TASK REQUIREMENTS: Working from the records below, repeat exactly the lines starting at the line that contains "(\<forall>z\<in>ZZ. closed (UC" and ending at the line that contains "R1 \<noteq> R2 \<and>", inclusive.

DATA PROVIDED Start Marker

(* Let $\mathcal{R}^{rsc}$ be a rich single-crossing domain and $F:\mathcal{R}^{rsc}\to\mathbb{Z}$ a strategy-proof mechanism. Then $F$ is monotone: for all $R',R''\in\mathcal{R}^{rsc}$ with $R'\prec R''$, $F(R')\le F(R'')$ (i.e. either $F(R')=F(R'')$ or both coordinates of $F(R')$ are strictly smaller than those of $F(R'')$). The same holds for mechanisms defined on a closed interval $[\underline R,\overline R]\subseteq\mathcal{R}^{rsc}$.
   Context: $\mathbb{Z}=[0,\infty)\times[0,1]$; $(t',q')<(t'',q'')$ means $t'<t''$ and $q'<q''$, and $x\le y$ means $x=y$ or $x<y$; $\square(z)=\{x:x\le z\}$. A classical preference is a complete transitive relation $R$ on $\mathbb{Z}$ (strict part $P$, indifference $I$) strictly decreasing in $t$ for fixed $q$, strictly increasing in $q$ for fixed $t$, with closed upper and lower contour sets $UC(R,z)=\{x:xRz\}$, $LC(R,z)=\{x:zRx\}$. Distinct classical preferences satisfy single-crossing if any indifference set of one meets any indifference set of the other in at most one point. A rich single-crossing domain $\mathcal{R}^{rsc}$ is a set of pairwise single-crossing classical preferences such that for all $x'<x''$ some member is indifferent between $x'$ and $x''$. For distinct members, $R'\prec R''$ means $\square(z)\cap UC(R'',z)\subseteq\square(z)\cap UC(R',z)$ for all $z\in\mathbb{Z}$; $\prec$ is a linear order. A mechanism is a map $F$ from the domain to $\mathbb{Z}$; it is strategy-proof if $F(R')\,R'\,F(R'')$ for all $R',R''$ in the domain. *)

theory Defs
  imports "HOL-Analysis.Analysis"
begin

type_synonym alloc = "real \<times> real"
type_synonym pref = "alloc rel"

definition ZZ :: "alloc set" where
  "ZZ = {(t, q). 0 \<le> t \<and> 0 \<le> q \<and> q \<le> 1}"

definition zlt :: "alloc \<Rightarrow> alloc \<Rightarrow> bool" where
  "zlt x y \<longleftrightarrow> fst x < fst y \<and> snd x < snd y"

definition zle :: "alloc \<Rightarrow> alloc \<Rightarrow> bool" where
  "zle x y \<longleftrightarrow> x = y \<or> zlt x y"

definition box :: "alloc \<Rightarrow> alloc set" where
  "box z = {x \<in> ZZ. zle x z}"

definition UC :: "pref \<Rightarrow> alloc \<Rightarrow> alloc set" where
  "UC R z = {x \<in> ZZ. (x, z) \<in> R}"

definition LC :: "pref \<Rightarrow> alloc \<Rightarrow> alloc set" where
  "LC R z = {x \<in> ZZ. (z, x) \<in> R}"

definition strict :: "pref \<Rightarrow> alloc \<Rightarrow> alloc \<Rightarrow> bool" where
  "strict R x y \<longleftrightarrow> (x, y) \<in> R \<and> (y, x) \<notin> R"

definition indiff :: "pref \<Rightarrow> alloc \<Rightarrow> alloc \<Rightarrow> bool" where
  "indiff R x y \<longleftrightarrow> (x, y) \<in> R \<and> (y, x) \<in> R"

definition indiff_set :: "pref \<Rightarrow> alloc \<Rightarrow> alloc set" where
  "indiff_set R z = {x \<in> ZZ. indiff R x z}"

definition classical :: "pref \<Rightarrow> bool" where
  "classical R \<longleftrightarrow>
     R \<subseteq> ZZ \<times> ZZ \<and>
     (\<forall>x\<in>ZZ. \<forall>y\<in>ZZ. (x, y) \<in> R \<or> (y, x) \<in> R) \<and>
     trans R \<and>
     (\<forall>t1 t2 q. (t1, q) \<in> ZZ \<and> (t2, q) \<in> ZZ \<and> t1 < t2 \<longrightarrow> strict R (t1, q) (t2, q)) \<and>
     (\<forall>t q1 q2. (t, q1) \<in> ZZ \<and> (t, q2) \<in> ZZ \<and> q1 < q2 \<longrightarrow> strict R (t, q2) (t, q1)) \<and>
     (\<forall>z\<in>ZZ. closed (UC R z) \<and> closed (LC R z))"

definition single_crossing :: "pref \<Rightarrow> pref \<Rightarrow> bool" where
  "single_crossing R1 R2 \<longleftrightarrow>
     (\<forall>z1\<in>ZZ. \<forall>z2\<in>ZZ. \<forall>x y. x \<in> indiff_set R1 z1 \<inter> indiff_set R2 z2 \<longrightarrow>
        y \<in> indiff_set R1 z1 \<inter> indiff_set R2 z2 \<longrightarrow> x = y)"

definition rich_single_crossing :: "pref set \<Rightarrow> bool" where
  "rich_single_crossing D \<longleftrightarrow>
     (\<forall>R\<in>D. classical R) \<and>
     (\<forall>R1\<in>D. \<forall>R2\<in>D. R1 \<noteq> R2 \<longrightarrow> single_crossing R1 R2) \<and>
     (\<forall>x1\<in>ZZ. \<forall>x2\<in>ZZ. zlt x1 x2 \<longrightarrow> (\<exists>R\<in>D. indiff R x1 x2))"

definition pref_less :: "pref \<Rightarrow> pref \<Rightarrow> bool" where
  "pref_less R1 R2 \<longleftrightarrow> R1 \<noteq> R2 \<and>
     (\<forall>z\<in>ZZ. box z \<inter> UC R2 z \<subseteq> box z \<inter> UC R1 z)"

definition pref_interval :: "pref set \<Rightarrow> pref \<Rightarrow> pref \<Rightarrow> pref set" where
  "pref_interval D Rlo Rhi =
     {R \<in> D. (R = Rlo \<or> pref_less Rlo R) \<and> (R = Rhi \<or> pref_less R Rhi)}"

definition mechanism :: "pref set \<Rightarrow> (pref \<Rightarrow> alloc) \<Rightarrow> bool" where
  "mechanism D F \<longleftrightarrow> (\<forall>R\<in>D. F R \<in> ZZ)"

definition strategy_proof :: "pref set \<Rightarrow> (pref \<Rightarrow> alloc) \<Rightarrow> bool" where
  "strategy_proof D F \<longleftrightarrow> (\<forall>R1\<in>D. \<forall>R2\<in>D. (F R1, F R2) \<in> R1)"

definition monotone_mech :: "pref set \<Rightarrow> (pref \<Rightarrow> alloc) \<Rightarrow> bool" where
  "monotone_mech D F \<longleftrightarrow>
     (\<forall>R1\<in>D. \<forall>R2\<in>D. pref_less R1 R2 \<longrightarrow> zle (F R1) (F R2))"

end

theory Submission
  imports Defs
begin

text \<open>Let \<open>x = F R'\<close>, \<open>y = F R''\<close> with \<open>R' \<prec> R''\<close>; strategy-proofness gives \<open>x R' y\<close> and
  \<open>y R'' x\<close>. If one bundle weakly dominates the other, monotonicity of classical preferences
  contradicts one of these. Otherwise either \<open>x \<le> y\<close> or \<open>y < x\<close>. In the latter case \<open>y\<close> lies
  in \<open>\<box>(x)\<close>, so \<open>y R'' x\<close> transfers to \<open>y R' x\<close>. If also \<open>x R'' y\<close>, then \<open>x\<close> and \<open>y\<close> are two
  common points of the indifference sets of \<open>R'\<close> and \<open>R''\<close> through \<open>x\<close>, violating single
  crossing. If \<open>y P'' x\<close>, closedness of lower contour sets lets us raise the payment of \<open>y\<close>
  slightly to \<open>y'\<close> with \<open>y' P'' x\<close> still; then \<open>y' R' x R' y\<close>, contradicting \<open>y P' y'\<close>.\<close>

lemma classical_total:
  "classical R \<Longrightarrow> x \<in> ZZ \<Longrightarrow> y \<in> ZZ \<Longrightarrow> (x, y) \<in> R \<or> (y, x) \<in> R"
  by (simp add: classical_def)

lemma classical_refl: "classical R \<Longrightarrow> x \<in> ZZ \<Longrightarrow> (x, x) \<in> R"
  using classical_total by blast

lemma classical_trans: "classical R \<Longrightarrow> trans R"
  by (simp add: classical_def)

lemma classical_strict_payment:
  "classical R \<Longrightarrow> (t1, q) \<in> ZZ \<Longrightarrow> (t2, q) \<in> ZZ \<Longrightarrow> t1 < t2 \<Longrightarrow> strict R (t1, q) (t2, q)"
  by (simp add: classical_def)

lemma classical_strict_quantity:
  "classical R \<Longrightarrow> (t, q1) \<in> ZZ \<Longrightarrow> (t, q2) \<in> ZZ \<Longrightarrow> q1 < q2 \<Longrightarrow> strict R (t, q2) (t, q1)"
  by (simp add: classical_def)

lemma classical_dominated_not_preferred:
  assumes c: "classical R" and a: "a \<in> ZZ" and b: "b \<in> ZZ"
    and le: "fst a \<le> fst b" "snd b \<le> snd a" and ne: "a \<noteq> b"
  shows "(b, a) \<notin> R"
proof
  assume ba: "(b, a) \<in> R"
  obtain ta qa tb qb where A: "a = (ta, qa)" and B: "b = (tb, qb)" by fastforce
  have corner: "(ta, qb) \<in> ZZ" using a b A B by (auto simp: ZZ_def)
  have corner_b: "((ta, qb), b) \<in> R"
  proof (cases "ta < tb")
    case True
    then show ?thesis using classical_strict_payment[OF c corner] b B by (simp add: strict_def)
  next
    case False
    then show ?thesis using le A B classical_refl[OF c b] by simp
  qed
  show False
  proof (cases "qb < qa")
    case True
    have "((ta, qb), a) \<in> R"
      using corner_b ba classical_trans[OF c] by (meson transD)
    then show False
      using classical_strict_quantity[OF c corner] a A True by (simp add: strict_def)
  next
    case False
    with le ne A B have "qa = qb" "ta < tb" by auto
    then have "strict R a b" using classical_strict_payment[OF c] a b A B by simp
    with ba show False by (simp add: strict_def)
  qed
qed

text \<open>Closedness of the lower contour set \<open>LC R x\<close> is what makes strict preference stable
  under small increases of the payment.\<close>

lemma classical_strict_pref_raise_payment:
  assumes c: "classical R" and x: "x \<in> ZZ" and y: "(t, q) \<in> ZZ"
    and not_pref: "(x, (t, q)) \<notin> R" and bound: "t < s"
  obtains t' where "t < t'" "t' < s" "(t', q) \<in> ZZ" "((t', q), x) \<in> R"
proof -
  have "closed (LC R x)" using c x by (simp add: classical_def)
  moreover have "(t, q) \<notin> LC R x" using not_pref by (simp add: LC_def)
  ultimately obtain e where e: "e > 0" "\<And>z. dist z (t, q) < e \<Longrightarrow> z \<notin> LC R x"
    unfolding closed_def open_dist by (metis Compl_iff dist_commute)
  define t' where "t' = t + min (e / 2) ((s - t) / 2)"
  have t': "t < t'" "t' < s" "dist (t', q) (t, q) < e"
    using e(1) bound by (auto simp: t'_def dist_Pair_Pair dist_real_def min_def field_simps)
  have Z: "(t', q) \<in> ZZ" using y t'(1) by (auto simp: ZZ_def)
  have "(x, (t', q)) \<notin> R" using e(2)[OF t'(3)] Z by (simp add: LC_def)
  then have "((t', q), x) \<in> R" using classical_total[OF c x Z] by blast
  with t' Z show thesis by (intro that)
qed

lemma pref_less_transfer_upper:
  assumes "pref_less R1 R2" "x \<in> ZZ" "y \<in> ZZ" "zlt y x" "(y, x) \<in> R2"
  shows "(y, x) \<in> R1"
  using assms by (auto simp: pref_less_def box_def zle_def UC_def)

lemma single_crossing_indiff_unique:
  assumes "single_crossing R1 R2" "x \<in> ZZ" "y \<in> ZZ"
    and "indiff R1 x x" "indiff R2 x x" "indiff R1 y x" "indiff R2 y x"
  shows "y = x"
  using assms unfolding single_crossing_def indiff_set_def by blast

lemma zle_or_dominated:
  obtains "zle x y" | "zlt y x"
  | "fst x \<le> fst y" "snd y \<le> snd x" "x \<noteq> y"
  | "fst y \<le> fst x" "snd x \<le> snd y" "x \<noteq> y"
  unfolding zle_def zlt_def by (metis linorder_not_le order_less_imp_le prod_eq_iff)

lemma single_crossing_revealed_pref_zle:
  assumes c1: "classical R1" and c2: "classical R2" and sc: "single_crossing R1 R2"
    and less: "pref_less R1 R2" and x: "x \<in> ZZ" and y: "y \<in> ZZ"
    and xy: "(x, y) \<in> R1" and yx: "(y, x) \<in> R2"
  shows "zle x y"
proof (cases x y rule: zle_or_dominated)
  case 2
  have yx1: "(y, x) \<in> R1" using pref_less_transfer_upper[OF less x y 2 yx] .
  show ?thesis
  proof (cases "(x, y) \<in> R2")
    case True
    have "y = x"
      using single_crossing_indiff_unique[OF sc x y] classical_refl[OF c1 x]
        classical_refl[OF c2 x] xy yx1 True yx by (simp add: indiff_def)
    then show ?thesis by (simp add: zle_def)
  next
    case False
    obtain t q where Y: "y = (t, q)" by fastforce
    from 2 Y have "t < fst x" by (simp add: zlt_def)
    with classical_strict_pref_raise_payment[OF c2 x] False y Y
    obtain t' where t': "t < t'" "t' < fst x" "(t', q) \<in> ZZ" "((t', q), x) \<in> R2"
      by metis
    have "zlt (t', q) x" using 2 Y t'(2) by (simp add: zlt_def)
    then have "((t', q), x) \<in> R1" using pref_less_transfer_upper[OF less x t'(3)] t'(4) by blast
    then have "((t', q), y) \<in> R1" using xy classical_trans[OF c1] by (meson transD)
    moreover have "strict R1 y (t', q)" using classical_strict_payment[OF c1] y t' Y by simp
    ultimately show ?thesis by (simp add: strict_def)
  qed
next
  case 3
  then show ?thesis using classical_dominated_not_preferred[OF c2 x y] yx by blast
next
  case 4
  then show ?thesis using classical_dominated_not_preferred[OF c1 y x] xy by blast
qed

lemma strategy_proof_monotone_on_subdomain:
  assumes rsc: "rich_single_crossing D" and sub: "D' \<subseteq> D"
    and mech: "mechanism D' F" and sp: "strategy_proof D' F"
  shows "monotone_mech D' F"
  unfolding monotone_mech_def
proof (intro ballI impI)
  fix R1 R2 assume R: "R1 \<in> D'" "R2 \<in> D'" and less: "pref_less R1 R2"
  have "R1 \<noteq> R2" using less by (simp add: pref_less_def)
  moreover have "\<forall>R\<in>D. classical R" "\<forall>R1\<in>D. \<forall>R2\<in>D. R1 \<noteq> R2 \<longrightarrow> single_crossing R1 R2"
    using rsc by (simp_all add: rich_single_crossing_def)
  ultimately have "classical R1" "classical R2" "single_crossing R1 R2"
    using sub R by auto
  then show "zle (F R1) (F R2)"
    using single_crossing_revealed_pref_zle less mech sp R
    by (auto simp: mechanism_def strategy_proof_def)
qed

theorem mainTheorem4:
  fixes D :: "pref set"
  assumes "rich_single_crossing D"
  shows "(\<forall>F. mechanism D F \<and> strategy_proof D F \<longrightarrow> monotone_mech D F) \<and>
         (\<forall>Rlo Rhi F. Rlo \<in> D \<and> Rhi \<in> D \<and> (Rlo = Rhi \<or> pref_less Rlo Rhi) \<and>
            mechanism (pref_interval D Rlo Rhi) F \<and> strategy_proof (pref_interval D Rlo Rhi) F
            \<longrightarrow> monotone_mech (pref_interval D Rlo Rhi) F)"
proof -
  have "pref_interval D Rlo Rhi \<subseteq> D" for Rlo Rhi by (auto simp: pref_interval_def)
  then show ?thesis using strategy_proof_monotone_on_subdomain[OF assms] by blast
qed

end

DATA PROVIDED End Marker

RESPONSE AREA:
     (\<forall>z\<in>ZZ. closed (UC R z) \<and> closed (LC R z))"

definition single_crossing :: "pref \<Rightarrow> pref \<Rightarrow> bool" where
  "single_crossing R1 R2 \<longleftrightarrow>
     (\<forall>z1\<in>ZZ. \<forall>z2\<in>ZZ. \<forall>x y. x \<in> indiff_set R1 z1 \<inter> indiff_set R2 z2 \<longrightarrow>
        y \<in> indiff_set R1 z1 \<inter> indiff_set R2 z2 \<longrightarrow> x = y)"

definition rich_single_crossing :: "pref set \<Rightarrow> bool" where
  "rich_single_crossing D \<longleftrightarrow>
     (\<forall>R\<in>D. classical R) \<and>
     (\<forall>R1\<in>D. \<forall>R2\<in>D. R1 \<noteq> R2 \<longrightarrow> single_crossing R1 R2) \<and>
     (\<forall>x1\<in>ZZ. \<forall>x2\<in>ZZ. zlt x1 x2 \<longrightarrow> (\<exists>R\<in>D. indiff R x1 x2))"

definition pref_less :: "pref \<Rightarrow> pref \<Rightarrow> bool" where
  "pref_less R1 R2 \<longleftrightarrow> R1 \<noteq> R2 \<and>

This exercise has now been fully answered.